Concurrent sound associated with very bright meteors manifests as popping, hissing, and faint rustling sounds occurring simultaneously with the arrival of light from meteors. Numerous instances have been documented with −11 to −13 brightness. These sounds cannot be attributed to direct acoustic propagation from the upper atmosphere for which travel time would be several minutes. Concurrent sounds must be associated with some form of electromagnetic energy generated by the meteor, propagated to the vicinity of the observer, and transduced into acoustic waves. Previously, energy propagated from meteors was assumed to be RF emissions. This has not been well validated experimentally. Herein we describe experimental results and numerical models in support of photoacoustic coupling as the mechanism. Recent photometric measurements of fireballs reveal strong millisecond flares and significant brightness oscillations at frequencies ≥40 Hz. Strongly modulated light at these frequencies with sufficient intensity can create concurrent sounds through radiative heating of common dielectric materials like hair, clothing, and leaves. This heating produces small pressure oscillations in the air contacting the absorbers. Calculations show that −12 brightness meteors can generate audible sound at ~25 dB SPL. The photoacoustic hypothesis provides an alternative explanation for this longstanding mystery about generation of concurrent sounds by fireballs.
Concurrent sound associated with very bright meteors manifests itself as popping, hissing, and faint rustling sounds occurring simultaneously with the arrival of the light from the meteor1,2,3,4,5,6,7. Concurrent sound occasionally is generated by fireballs8 with apparent magnitude (visual brightness) as low8,9 as −9, and numerous occurrences have been documented1,2 with apparent magnitudes of −11 to −13. These sounds cannot be attributed to direct acoustic propagation from the upper atmosphere for which the travel time would be several minutes. Concurrent sounds must be associated with some form of electromagnetic energy generated by the meteor, propagated to the vicinity of the observer, and transduced into acoustic waves. Prior to now, the means by which energy from meteors could be propagated to Earth and then converted into audible sound has not been adequately explained and validated by experiment. Here we present observational data, experimental results, and numerical models in support of photoacoustic coupling as the mechanism. Recent photometric measurements of fireballs reveal strong millisecond flares and significant brightness oscillations at frequencies of 40 Hz and higher7,8. Experiments and models show that strongly modulated light at these frequencies and light intensity on Earth from −12 apparent magnitude meteors (same as full moon illumination ~10−3 W/m2) can radiatively heat common dielectric materials like hair, cloth, paint, etc. This heating can produce small pressure oscillations in the air adjacent to the absorber. These can be loud enough to be audible (~25 dB SPL). A previous hypothesis of coupling to natural antennas from RF radiation generated by plasma oscillations1,2 does not seem to be adequately supported by observational evidence of radio waves emanating from meteors12,13,14,15. The photoacoustic hypothesis seems to better explain this longstanding mystery about the generation of concurrent sounds by fireballs. However, it is possible that both mechanisms contribute to the observed audio signal.

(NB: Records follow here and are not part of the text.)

lemma oscillation_le_energy:
  fixes u w :: "real \<Rightarrow> 'a::banach"
  assumes u': "\<And>x. x \<in> {s..t} \<Longrightarrow> (u has_vector_derivative w x) (at x within {s..t})"
    and w: "continuous_on {s..t} w" and "\<rho> > 0" and "x \<in> {s..t}" "y \<in> {s..t}"
  shows "2 * \<rho> * norm (u y - u x) \<le> integral {s..t} (\<lambda>x. (norm (w x))\<^sup>2) + (t - s) * \<rho>\<^sup>2"
proof -
  have int: "(\<lambda>x. norm (w x)) integrable_on {s..t}" "(\<lambda>x. (norm (w x))\<^sup>2) integrable_on {s..t}"
    by (auto intro!: integrable_continuous_interval continuous_intros w)
  have "norm (u y - u x) \<le> integral {s..t} (\<lambda>x. norm (w x))"
    if "x \<in> {s..t}" "y \<in> {s..t}" "x \<le> y" for x y
  proof -
    have sub: "{x..y} \<subseteq> {s..t}" using that by auto
    have "(w has_integral (u y - u x)) {x..y}"
      using that by (intro fundamental_theorem_of_calculus)
        (auto intro: has_vector_derivative_within_subset[OF u' sub])
    then have "norm (u y - u x) \<le> integral {x..y} (\<lambda>x. norm (w x))"
      by (metis integral_norm_bound_integral integral_unique has_integral_integrable
          integrable_on_subinterval int(1) sub order_refl)
    also have "\<dots> \<le> integral {s..t} (\<lambda>x. norm (w x))"
      by (intro integral_subset_le sub int integrable_on_subinterval[OF int(1) sub]) auto
    finally show ?thesis .
  qed
  then have osc: "norm (u y - u x) \<le> integral {s..t} (\<lambda>x. norm (w x))"
    using assms(4,5) by (metis linorder_le_cases norm_minus_commute)
  have "2 * \<rho> * norm (u y - u x) \<le> integral {s..t} (\<lambda>x. 2 * \<rho> * norm (w x))"
    using osc \<open>\<rho> > 0\<close> by simp
  also have "\<dots> \<le> integral {s..t} (\<lambda>x. (norm (w x))\<^sup>2 + \<rho>\<^sup>2)"
    using sum_squares_ge_zero[of "norm (w _) - \<rho>" 0]
    by (intro integral_le integrable_continuous_interval continuous_intros w)
      (auto simp: power2_eq_square algebra_simps)
  also have "\<dots> = integral {s..t} (\<lambda>x. (norm (w x))\<^sup>2) + (t - s) * \<rho>\<^sup>2"
    using assms(4) by (subst integral_add[OF int(2) integrable_const_ivl]) (simp add: content_real)
  finally show ?thesis .
qed

lemma integral_lt_imp_exists_lt:
  fixes f :: "real \<Rightarrow> real"
  assumes "f integrable_on {s..t}" "s \<le> t" "integral {s..t} f < c * (t - s)"
  obtains x where "x \<in> {s..t}" "f x < c"
proof (rule ccontr)
  assume "\<not> thesis"
  then have "integral {s..t} (\<lambda>x. c) \<le> integral {s..t} f"
    using that by (intro integral_le assms(1)) force+
  with assms show False by (simp add: content_real mult.commute)
qed

lemma derivative_le_of_small_oscillation:
  fixes w :: "real \<Rightarrow> 'a::real_normed_vector"
  assumes w': "\<And>t. t \<in> {s..r} \<Longrightarrow> (w has_vector_derivative w' t) (at t within {s..r})"
    and "x \<in> {s..r}" and osc: "\<And>t. t \<in> {s..r} \<Longrightarrow> norm (w' t - w' x) \<le> e"
  shows "(r - s) * norm (w' x) \<le> norm (w r) + norm (w s) + (r - s) * e"
proof -
  have "norm (w r - w s - (r - s) *\<^sub>R w' x) \<le> norm (r - s) * e"
  proof (rule differentiable_bound_linearization[where f' = "\<lambda>t h. h *\<^sub>R w' t" and S = "{s..r}"])
    show "(w has_derivative (\<lambda>h. h *\<^sub>R w' t)) (at t within {s..r})" if "t \<in> {s..r}" for t
      using w'[OF that] by (simp add: has_vector_derivative_def)
    show "onorm ((\<lambda>h. h *\<^sub>R w' t) - (\<lambda>h. h *\<^sub>R w' x)) \<le> e" if "t \<in> {s..r}" for t
    proof -
      have "(\<lambda>h::real. h *\<^sub>R w' t) - (\<lambda>h. h *\<^sub>R w' x) = (\<lambda>h. h *\<^sub>R (w' t - w' x))"
        by (simp add: fun_eq_iff scaleR_diff_right)
      then show ?thesis
        using onorm_scaleR_left[OF bounded_linear_ident, of "w' t - w' x"] osc[OF that]
        by (simp add: onorm_id)
    qed
    show "s + t *\<^sub>R (r - s) \<in> {s..r}" if "t \<in> {0..1}" for t
      using that assms(2) mult_left_le_one_le[of "r - s" t] by auto
  qed (use assms(2) in auto)
  moreover have "norm ((r - s) *\<^sub>R w' x) \<le> norm (w r - w s) + norm (w r - w s - (r - s) *\<^sub>R w' x)"
    using norm_triangle_ineq4[of "w r - w s" "w r - w s - (r - s) *\<^sub>R w' x"] by simp
  moreover have "norm (w r - w s) \<le> norm (w r) + norm (w s)" by (rule norm_triangle_ineq4)
  ultimately have "norm ((r - s) *\<^sub>R w' x) \<le> norm (w r) + norm (w s) + (r - s) * e"
    using assms(2) by simp
  then show ?thesis using assms(2) by simp
qed
text \<open>The lower bound \<open>\<phi> \<ge> \<phi> x\<^sub>0\<close> and the closed local epigraph make the
  sublevel set of \<open>\<phi> + \<lambda>/2 \<parallel>\<cdot> - y\<parallel>\<^sup>2\<close> over \<open>cball x\<^sub>0 \<rho>\<close> compact; the condition on
  \<open>\<parallel>x\<^sub>0 - y\<parallel>\<close> ensures that cutting the epigraph at height \<open>\<phi> x\<^sub>0 + \<epsilon>\<close> loses no minimiser.\<close>
lemma exists_local_prox_minimizer:
  fixes \<phi> :: "'a::euclidean_space \<Rightarrow> ereal"
  assumes f0: "\<phi> xb = ereal f0"
    and lower: "\<And>x. dist xb x \<le> \<rho> \<Longrightarrow> \<phi> xb \<le> \<phi> x"
    and epi_closed: "closed {(x, \<alpha>::real). dist x xb \<le> \<epsilon> \<and> \<alpha> \<le> f0 + \<epsilon> \<and> \<phi> x \<le> ereal \<alpha>}"
    and "0 \<le> \<rho>" "\<rho> \<le> \<epsilon>" "lam > 0"
    and near: "lam/2 * (norm (xb - y))\<^sup>2 \<le> \<epsilon>"
  obtains u c where "\<phi> u = ereal c" "norm (u - y) \<le> norm (xb - y)"
    "\<And>x. dist xb x \<le> \<rho> \<Longrightarrow> \<phi> x \<ge> ereal (c + lam/2 * (norm (u - y))\<^sup>2 - lam/2 * (norm (x - y))\<^sup>2)"
proof -
  define q where "q x = lam/2 * (norm (x - y))\<^sup>2" for x
  define C where "C = {(x, \<alpha>). dist x xb \<le> \<epsilon> \<and> \<alpha> \<le> f0 + \<epsilon> \<and> \<phi> x \<le> ereal \<alpha>}
      \<inter> (cball xb \<rho> \<times> {f0..f0 + \<epsilon>})"
  have "compact C" unfolding C_def using epi_closed
    by (intro closed_Int_compact compact_Times compact_cball compact_Icc)
  moreover have xbC: "(xb, f0) \<in> C" using assms by (simp add: C_def)
  moreover have "continuous_on C (\<lambda>p. snd p + q (fst p))" unfolding q_def by (intro continuous_intros)
  ultimately obtain u a0 where uC: "(u, a0) \<in> C"
    and argmin: "\<And>p. p \<in> C \<Longrightarrow> a0 + q u \<le> snd p + q (fst p)"
    using continuous_attains_inf[of C] by fastforce
  have "\<phi> u \<ge> ereal f0" using lower[of u] uC f0 by (simp add: C_def dist_commute)
  then obtain b0 where b0: "\<phi> u = ereal b0" "f0 \<le> b0" "b0 \<le> a0"
    using uC by (cases "\<phi> u") (auto simp: C_def)
  have "(u, b0) \<in> C" using uC b0 by (auto simp: C_def)
  from argmin[OF this] have phi_u: "\<phi> u = ereal a0" using b0 by simp
  have at_xb: "a0 + q u \<le> f0 + q xb" using argmin[OF xbC] by simp
  then have "q u \<le> q xb" using b0 by simp
  then have "(norm (u - y))\<^sup>2 \<le> (norm (xb - y))\<^sup>2" using \<open>lam > 0\<close> by (simp add: q_def)
  then have "norm (u - y) \<le> norm (xb - y)" by (rule power2_le_imp_le) simp
  moreover have "\<phi> x \<ge> ereal (a0 + q u - q x)" if x: "dist xb x \<le> \<rho>" for x
  proof (cases "\<phi> x")
    case (real b)
    have "b \<ge> f0" using lower[OF x] real f0 by simp
    show ?thesis
    proof (cases "b \<le> f0 + \<epsilon>")
      case True
      then have "(x, b) \<in> C" using x \<open>b \<ge> f0\<close> \<open>\<rho> \<le> \<epsilon>\<close> real by (auto simp: C_def dist_commute)
      from argmin[OF this] show ?thesis using real by simp
    next
      case False
      have "q x \<ge> 0" using \<open>lam > 0\<close> by (simp add: q_def)
      then show ?thesis using at_xb near False real by (simp add: q_def)
    qed
  qed (use lower[OF x] f0 in auto)
  ultimately show thesis using that[OF phi_u] by (simp add: q_def)
qed
lemma functor_hl: "functor C (HM C T) (hlO C T) (hlM C T)"
  unfolding functor_def
proof (intro conjI ballI impI)
  show "category C" by (rule category)
  show "category (HM C T)" by (rule category_HM)
next
  fix a assume "a \<in> Obj C" thus "hlO C T a \<in> Obj (HM C T)" by (simp add: HM_simps hopf_module_free)
next
  fix f assume "f \<in> Arr C"
  thus "hlM C T f \<in> hom (HM C T) (hlO C T (dom f)) (hlO C T (cod f))"
    using hlM_arr by (simp add: HM_simps hom_def hlM_def)
next
  fix a assume "a \<in> Obj C" thus "hlM C T (idt a) = Idt (HM C T) (hlO C T a)"
    by (simp add: HM_simps hlM_def hlO_def)
next
  fix f g assume "f \<in> Arr C" "g \<in> Arr C" "cod f = dom g"
  thus "hlM C T (g \<cdot> f) = Cmp (HM C T) (hlM C T g) (hlM C T f)"
    by (simp add: HM_simps hlM_def)
qed

text \<open>For free Hopf modules the section \<open>j\<close> is \<open>T\<eta>\<^sub>X\<close>, so \<open>T\<eta>\<^sub>X\<close> equalizes
  \<open>T(\<eta>\<^sub>\<one> \<otimes> TX)\<close> and \<open>TT\<^sub>2(\<one>, X)\<close>.\<close>

lemma free_equalizer:
  assumes X: "obj X"
  shows "is_equalizer C (Tm (\<eta> \<one> \<otimes> idt (To X))) (Tm (T\<^sub>2 \<one> X)) (To X) (Tm (\<eta> X))"
proof -
  have "hopf_section (To X) (\<mu> X) (T\<^sub>2 \<one> X) = Tm (\<eta> X)"
    using X Tm_mu_Hi [of X] by (simp add: hopf_section_def Ki_def)
  thus ?thesis using section_equalizer [OF hopf_module_free [OF X, unfolded hlO_def]] by simp
qed

lemma free_extension:
  assumes m: "t_module C T M r" and X: "obj X"
    and q: "arr q" "dom q = To X" "cod q = M" "q \<cdot> \<mu> X = r \<cdot> Tm q"
  shows "r \<cdot> Tm (q \<cdot> \<eta> X) = q"
proof -
  note a = t_moduleD [OF m]
  have "r \<cdot> Tm (q \<cdot> \<eta> X) = (r \<cdot> Tm q) \<cdot> Tm (\<eta> X)" using a X q(1-3) by simp
  also have "\<dots> = q" using a X q(1-3) by (simp add: q(4) [symmetric])
  finally show ?thesis .
qed

text \<open>An arrow \<open>k\<close> into a Hopf module is coinvariant if \<open>\<rho> k = (\<eta>\<^sub>\<one> \<otimes> M) k\<close>; coinvariant
  parts are the universal coinvariant arrows.\<close>

lemma coinvariant_part_iff:
  "coinvariant_part C T (M, r, \<rho>) E i \<longleftrightarrow> is_equalizer C (\<eta> \<one> \<otimes> idt M) \<rho> E i"
  by (simp add: coinvariant_part_def)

Strong, millisecond-duration flares have been recorded in nearly all bolides observed by the Czech Fireball Network10,11. The meteors of interest typically have initial speeds below 40 km/s and burn durations longer than 2 s. These optical pulse trains, if converted to sound, often have time characteristics consistent with the popping, swishing, or sizzling noises reported by observers1,2,3. We suggest that each pulse of light can heat the surfaces of natural dielectric transducers. The surfaces rapidly warm and conduct heat into the nearby air, generating pressure waves. A succession of light-pulse-produced pressure waves can then manifest as sound to a nearby observer.
The photoacoustic effect was observed in 1880 by Alexander Graham Bell and colleagues who heard a tone when they illuminated certain dielectric materials with sunlight modulated with a chopper wheel16. In 1976 Rosencwaig & Gersho invented Photo-Acoustic Spectroscopy17 (PAS) and provided the first detailed understanding of the physics.
For fireballs, the sound pressure waves track the time history of the illumination, and the amplitude depend on the irradiance. Also important to the generation of sound are the thermal conductivity, specific heat, and density of both the dielectric solid and the air as well as the light penetration depth into the solid.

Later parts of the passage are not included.